┌─ Information supplied

subsection \<open>CPOS polygons\<close>

text \<open>The \<open>n\<close> edges after \<open>e\<^sub>i\<close> all turn left from it, so \<open>P\<^sub>i\<^sub>+\<^sub>n\<close> lies strictly left of the line of
  \<open>e\<^sub>i\<close>; convexity at the edge \<open>e\<^sub>i\<^sub>+\<^sub>n\<close> then forces the parallel edge \<open>e\<^sub>i\<^sub>+\<^sub>n\<close> to point backwards.
  The induction on \<open>i\<close> is needed for the edges \<open>e\<^sub>j\<^sub>+\<^sub>n\<close>, \<open>j < i\<close>, among them.\<close>

lemma CPOS_opposite_edge_antiparallel:
  assumes C: "CPOS n P" and i: "1 \<le> i" "i \<le> n"
  obtains c where "c < 0" "edge P (i + n) = c *\<^sub>R edge P i"
  using i that
proof (induction i arbitrary: thesis rule: less_induct)
  case (less i)
  from C have n2: "n \<ge> 2" and conv: "\<And>i j. det2 (edge P i) (P j - P i) \<ge> 0"
    and nonpar: "\<And>i. det2 (edge P i) (edge P (Suc i)) \<noteq> 0"
    and par: "\<And>i. det2 (edge P (i + n)) (edge P i) = 0"
    and pos: "\<And>i j. 1 \<le> i \<Longrightarrow> i < j \<Longrightarrow> j \<le> n \<Longrightarrow> det2 (edge P i) (edge P j) > 0"
    unfolding CPOS_def by auto
  have nz: "edge P k \<noteq> 0" for k using nonpar[of k] by auto
  obtain c where c: "edge P (i + n) = c *\<^sub>R edge P i"
    using det2_eq_0_imp_scaleR[OF par[of i] nz[of i]] by blast
  have turn: "det2 (edge P i) (edge P k) > 0" if "i + 1 \<le> k" "k \<le> i + n - 1" for k
  proof (cases "k \<le> n")
    case True
    then show ?thesis using pos[of i k] that less.prems(2) by auto
  next
    case False
    define j where "j = k - n"
    have j: "1 \<le> j" "j < i" "k = j + n" using False that unfolding j_def by auto
    obtain cj where cj: "cj < 0" "edge P (j + n) = cj *\<^sub>R edge P j"
      using less.IH[of j] j less.prems(3) by auto
    have "det2 (edge P i) (edge P k) = (- cj) * det2 (edge P j) (edge P i)"
      using cj(2) j(3) by (simp add: det2_def algebra_simps)
    moreover have "det2 (edge P j) (edge P i) > 0" using pos[of j i] j less.prems(3) by auto
    ultimately show ?thesis using cj(1) by (simp add: mult_neg_pos)
  qed
  define g where "g k = det2 (edge P i) (P k - P i)" for k
  have g_Suc: "g (Suc k) = g k + det2 (edge P i) (edge P k)" for k
    by (simp add: g_def edge_def det2_def algebra_simps)
  have g_nonneg: "g k \<ge> 0" if "i + 1 \<le> k" "k \<le> i + n - 1" for k
    using that
  proof (induction k rule: dec_induct)
    case base show ?case by (simp add: g_def edge_def)
  next
    case (step k) then show ?case using g_Suc[of k] turn[of k] by auto
  qed
  have "g (i + n) > 0"
  proof -
    have "i + n = Suc (i + n - 1)" using n2 by auto
    then have "g (i + n) = g (i + n - 1) + det2 (edge P i) (edge P (i + n - 1))"
      using g_Suc by metis
    moreover have "g (i + n - 1) \<ge> 0" using g_nonneg n2 by auto
    moreover have "det2 (edge P i) (edge P (i + n - 1)) > 0" using turn n2 by auto
    ultimately show ?thesis by simp
  qed
  moreover have "(- c) * g (i + n) \<ge> 0"
    using conv[of "i + n" i] c by (simp add: g_def det2_def algebra_simps)
  ultimately have "c \<le> 0"
    by (simp add: mult_le_0_iff)
  moreover have "c \<noteq> 0" using c nz[of "i + n"] by auto
  ultimately have "c < 0" by simp
  then show ?case using c by (rule less.prems(1))
qed

lemma CPOS_second_half_turns_left:
  assumes C: "CPOS n P" and "n + 1 \<le> l" "l < i" "i < 2 * n + 1"
  shows "det2 (edge P l) (edge P i) > 0"
proof -
  define l' i' where "l' = l - n" and "i' = i - n"
  have idx: "l = l' + n" "i = i' + n" "1 \<le> l'" "l' < i'" "i' \<le> n"
    using assms unfolding l'_def i'_def by auto
  obtain cl where cl: "cl < 0" "edge P l = cl *\<^sub>R edge P l'"
    using CPOS_opposite_edge_antiparallel[OF C, of l'] idx by auto
  obtain ci where ci: "ci < 0" "edge P i = ci *\<^sub>R edge P i'"
    using CPOS_opposite_edge_antiparallel[OF C, of i'] idx by auto
  have "det2 (edge P l') (edge P i') > 0" using C idx unfolding CPOS_def by auto
  moreover have "det2 (edge P l) (edge P i) = (cl * ci) * det2 (edge P l') (edge P i')"
    using cl ci by (simp add: det2_def algebra_simps)
  ultimately show ?thesis using cl ci by (simp add: mult_neg_neg)
qed

lemma det2_vhalf_uvec:
  "4 * det2 (vhalf n P j) (uvec n P j) =
     det2 (P (j + n)) (P (Suc (j + n))) - det2 (P j) (P (Suc j))
     - (det2 (P (Suc j)) (P (Suc j + n)) - det2 (P j) (P (j + n)))
     + det2 (edge P j) (edge P (j + n))"
  by (simp add: vhalf_def uvec_def midpt_def edge_def det2_def algebra_simps)

lemma sum_det2_vhalf_uvec:
  assumes par: "\<And>j. det2 (edge P (j + n)) (edge P j) = 0"
  shows "4 * (\<Sum>j=1..n. det2 (vhalf n P j) (uvec n P j)) =
     ((\<Sum>k=n+1..<2*n+1. det2 (P k) (P (Suc k))) + det2 (P (2*n+1)) (P (n+1)))
     - ((\<Sum>k=1..<n+1. det2 (P k) (P (Suc k))) + det2 (P (n+1)) (P 1))"
proof -
  have "det2 (edge P j) (edge P (j + n)) = 0" for j
    using par[of j] by (simp add: det2_def algebra_simps)
  then have "4 * (\<Sum>j=1..n. det2 (vhalf n P j) (uvec n P j)) =
     (\<Sum>j=1..<n+1. det2 (P (j + n)) (P (Suc (j + n)))) - (\<Sum>j=1..<n+1. det2 (P j) (P (Suc j)))
     - (\<Sum>j=1..<n+1. det2 (P (Suc j)) (P (Suc j + n)) - det2 (P j) (P (j + n)))"
    by (simp add: sum_distrib_left det2_vhalf_uvec sum_subtractf atLeastLessThanSuc_atLeastAtMost)
  also have "(\<Sum>j=1..<n+1. det2 (P (j + n)) (P (Suc (j + n))))
               = (\<Sum>k=n+1..<2*n+1. det2 (P k) (P (Suc k)))"
    using sum.shift_bounds_nat_ivl[of "\<lambda>k. det2 (P k) (P (Suc k))" 1 n "n + 1"]
    by (simp add: add.commute mult_2)
  also have "(\<Sum>j=1..<n+1. det2 (P (Suc j)) (P (Suc j + n)) - det2 (P j) (P (j + n)))
               = det2 (P (n+1)) (P (2*n+1)) - det2 (P 1) (P (n+1))"
    using sum_Suc_diff'[of 1 "n + 1" "\<lambda>j. det2 (P j) (P (j + n))"] by (simp add: mult_2)
  finally show ?thesis by (simp add: det2_def algebra_simps)
qed

theorem mainTheorem8:
  fixes n :: nat and P :: "nat \<Rightarrow> real^2"
  assumes "CPOS n P"
  shows "measure lebesgue (convex hull (P ` {n+1..2*n+1}))
           - measure lebesgue (convex hull (P ` {1..n+1}))
         = 2 * (\<Sum>j=1..n. det2 (vhalf n P j) (uvec n P j))"
proof -
  from assms have "n \<ge> 2" and "P (1 + 2*n) = P 1"
    and left: "\<And>i j. det2 (edge P i) (P j - P i) \<ge> 0"
    and par: "\<And>j. det2 (edge P (j + n)) (edge P j) = 0"
    and "\<And>i j. 1 \<le> i \<Longrightarrow> i < j \<Longrightarrow> j \<le> n \<Longrightarrow> det2 (edge P i) (edge P j) > 0"
    unfolding CPOS_def by blast+
  then interpret first: convex_chain P 1 "n + 1"
    by unfold_locales auto
  interpret second: convex_chain P "n + 1" "2 * n + 1"
    using \<open>n \<ge> 2\<close> left CPOS_second_half_turns_left[OF assms] by unfold_locales auto
  show ?thesis
    using first.measure_hull_shoelace second.measure_hull_shoelace sum_det2_vhalf_uvec[OF par]
    by (simp add: field_simps)
qed

end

└─

About this task: Which lines of the records above contain the word "unfolding"? Copy each of them.

Your solution:
    unfolding CPOS_def by auto
    have j: "1 \<le> j" "j < i" "k = j + n" using False that unfolding j_def by auto
    using assms unfolding l'_def i'_def by auto
  have "det2 (edge P l') (edge P i') > 0" using C idx unfolding CPOS_def by auto
    unfolding CPOS_def by blast+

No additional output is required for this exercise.